In vLLM, the KV cache allocation directly affects the maximum number of concurrent requests and sequence lengths that can be processed. If we know the input/output length and the maximum number of concurrent requests, we can roughly estimate the GPU specifications required for inference.

The engine profiles the GPU’s memory usage to determine how many KV blocks can be allocated without causing out-of-memory (OOM) errors. Here is a breakdown of the profiling process:

  1. Profile Run: A forward pass is performed using dummy inputs to measure memory usage during inference.
  2. Memory Segmentation: The engine calculates available KV cache memory by subtracting model weights, non-torch memory, and PyTorch activation memory from total GPU memory.

Understanding Profiling in vLLM

The profiling process in vLLM is designed to balance memory for both the model and the KV cache. Here’s how it works:

Why Profiling is Necessary

In vLLM, a profile run is conducted before allocating the KV cache to separate the memory used for model inference from the memory needed for the KV cache. During inference, dynamically increasing memory must be tracked because intermediate operations, CUDA memory management, memory caching, and reservation policies can cause unexpected spikes in memory usage. Profiling helps to account for these factors, ensuring dynamic memory management overhead is included in the calculations and minimizing unforeseen memory increases.

Profiling in Action

During a profile run, peak activation memory is measured by forwarding a dummy input sequence with the maximum batch tokens (max_num_batched_tokens) through the model. This simulates real-world GPU usage and helps determine memory requirements for the target environment. The following code illustrates this process:

# https://github.com/vllm-project/vllm/blob/v0.6.6.post1/vllm/worker/worker.py
# Execute a forward pass with dummy inputs to profile the memory usage
# of the model.
with memory_profiling(baseline_memory_in_bytes=total_gpu_memory -
self.init_gpu_memory,
weights_memory_in_bytes=self.model_runner.
model_memory_usage) as result:
self.model_runner.profile_run()
torch.cuda.synchronize()
# https://github.com/vllm-project/vllm/blob/v0.6.6.post1/vllm/worker/model_runner.py
def profile_run(self) -> None:
# Enable top-k sampling to reflect the accurate memory usage.
sampling_params = SamplingParams(top_p=0.99, top_k=self.vocab_size - 1)
max_num_batched_tokens = self.scheduler_config.max_num_batched_tokens
max_num_seqs = self.scheduler_config.max_num_seqs

The profiling process also accounts for intermediate activation memory, which increases during inference:

  • Smaller max_batched_tokens reduce intermediate activations, freeing up KV cache space, but limit the size of requests the model can process.
  • Applications must consider the maximum token length requirements to balance activation memory and KV cache size effectively.

This ensures that:

  • Memory used by the model and intermediate activations is measured.
  • Available memory for KV cache is dynamically calculated.

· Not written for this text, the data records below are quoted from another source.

(* Let $P$ be a finite poset and $h$ any height function on $P$. Then the coefficients of $\mathsf{Z}_{P,h}(x)$ have no pole at $q=1$, and setting $q=1$ in them gives the classical Zeta polynomial $Z_P(x)$ of $P$, i.e. the unique polynomial with $Z_P(n)=\#\{(e_1,\dots,e_{n-1})\in P^{n-1}: e_1\le\cdots\le e_{n-1}\}$ for all integers $n\ge2$.
   Context: $q$ is an indeterminate; $[n]_q=(q^n-1)/(q-1)$. A height function is $h:P\to\mathbb{N}$ with $h(x)<h(y)$ whenever $y$ covers $x$. For a tuple $a$ of $k$ distinct nonnegative integers, $\mathsf{E}_a\in\mathbb{Q}(q)[x]$ is the unique polynomial with $\mathsf{E}_a([n]_q)=\sum_{m\in\mathbb{N}^k,\sum m_i=n}q^{\sum a_im_i}$ for $n\ge0$ (its specialization at $q=1$ is $\binom{x+k-1}{k-1}$). The $q$-Zeta polynomial is $\mathsf{Z}_{P,h}(x)=\sum_{k\ge1}\sum_{c_1<\cdots<c_k\text{ in }P}q^{\sum_i h(c_i)}\mathsf{E}_{(h(c_1),\dots,h(c_k))}((x-[k+1]_q)/q^{k+1})\in\mathbb{Q}(q)[x]$; it is the unique polynomial with $\mathsf{Z}_{P,h}([n]_q)=\sum_{e_1\le\cdots\le e_{n-1}}q^{\sum_j h(e_j)}$ for all $n\ge2$. *)

theory Defs
  imports "HOL-Computational_Algebra.Polynomial" "HOL-Computational_Algebra.Fraction_Field"
begin

type_synonym ratfun = "rat poly fract"

definition qvar :: ratfun where
  "qvar = Fract [:0, 1:] 1"

definition qint :: "nat \<Rightarrow> ratfun" where
  "qint n = (qvar ^ n - 1) / (qvar - 1)"
lemma frob_norm_A_pow_word_le:
  "set ws \<subseteq> {A, B} \<Longrightarrow> frob_norm (A * B ^\<^sub>m k * word_prod d ws) \<le> frob_norm A * C * r ^ (k + length ws)"
proof (induction ws arbitrary: k)
  case Nil
  have "frob_norm (A * B ^\<^sub>m k) \<le> frob_norm A * frob_norm (B ^\<^sub>m k)"
    by (rule frob_norm_mult[OF A pow_carrier_mat[OF B]])
  also have "\<dots> \<le> frob_norm A * (C * r ^ k)"
    by (intro mult_left_mono pow_bound frob_norm_nonneg)
  finally show ?case using A B by simp
next
  case (Cons x ws)
  then have ws: "set ws \<subseteq> {A, B}" and x: "x = A \<or> x = B" by auto
  have P: "word_prod d ws \<in> carrier_mat d d" using ws A B by (intro word_prod_carrier) auto
  from x show ?case
  proof
    assume "x = A"
    have "A * B ^\<^sub>m k * (A * word_prod d ws) = A * B ^\<^sub>m k * A * word_prod d ws"
      using assoc_mult_mat[of "A * B ^\<^sub>m k" d d A d "word_prod d ws" d] A B P by simp
    also have "\<dots> = c k \<cdot>\<^sub>m (A * B ^\<^sub>m 0 * word_prod d ws)"
      unfolding sandwich using A B P by (simp add: mult_smult_assoc_mat[of _ d d _ d])
    finally have "frob_norm (A * B ^\<^sub>m k * word_prod d (x # ws))
        = cmod (c k) * frob_norm (A * B ^\<^sub>m 0 * word_prod d ws)"
      using \<open>x = A\<close> by (simp add: frob_norm_smult)
    also have "\<dots> \<le> r ^ (k + 1) * (frob_norm A * C * r ^ (0 + length ws))"
      using r by (intro mult_mono sandwich_bound Cons.IH[OF ws]) (auto simp: frob_norm_nonneg)
    finally show ?thesis by (simp add: power_add ac_simps)
  next
    assume "x = B"
    then have "A * B ^\<^sub>m k * word_prod d (x # ws) = A * B ^\<^sub>m k * B * word_prod d ws"
      using assoc_mult_mat[of "A * B ^\<^sub>m k" d d B d "word_prod d ws" d] A B P by simp
    also have "A * B ^\<^sub>m k * B = A * B ^\<^sub>m Suc k"
      using assoc_mult_mat[of A d d "B ^\<^sub>m k" d B d] A B by simp
    finally show ?thesis using Cons.IH[OF ws, of "Suc k"] by simp
  qed
qed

Formula for GPU Memory Allocation

The GPU memory available for KV cache is calculated as:

available_kv_cache_memory = total_gpu_memory * gpu_memory_utilization 
- (model_weight + non_torch_memory + pytorch_activation_peak_memory)
illustration of vLLM GPU memory allocation
vLLM GPU memory allocation

Component Breakdown:

  • total_gpu_memory: Total memory of the GPU.
  • gpu_memory_utilization: Fraction of memory allocated for the engine.
  • model_weight: Memory occupied by the model parameters.
  • non_torch_memory: Memory overhead unrelated to PyTorch, dependent on GPU type and number of GPUs:
  • pytorch_activation_peak_memory: Memory required for intermediate activations during inference.

Model Weight

Memory occupied by the model parameters, calculated as:

model_weight = number_of_model_parameters * parameter_data_type_size

Parameter Data Type Sizes:

  • float32: 4 bytes
  • float16 or bfloat16: 2 bytes
  • int8 or fp8: 1 byte
  • int4 or awq: 0.5 byte

Non-Torch Memory

Memory overhead unrelated to PyTorch, dependent on GPU type and number of GPUs:

  • Estimated as about 1GB initially for calculation purposes.

PyTorch Activation Peak Memory

  • Peak activation memory during inference can be calculated based on Reducing Activation Recomputation in Large Transformer Models (NVIDIA, 2022)
  • Activations are tensors generated during the forward pass. While training, these activations are saved for back-propagation and gradient calculations.
  • During inference, the activation values ​​of each layer are not stored separately, but the output of the previous layer is used as the input of the next layer.
  • For inference, only the peak value per layer is required and dropout is disabled while training requires dropout and saving all activation memories.
  • Therefore, I assumed pytroch_activation_peak_memory as the memory usage when passing through one layer.
  • Assumption: Activations are in FP16 (2 bytes per unit), all measurements are in bytes.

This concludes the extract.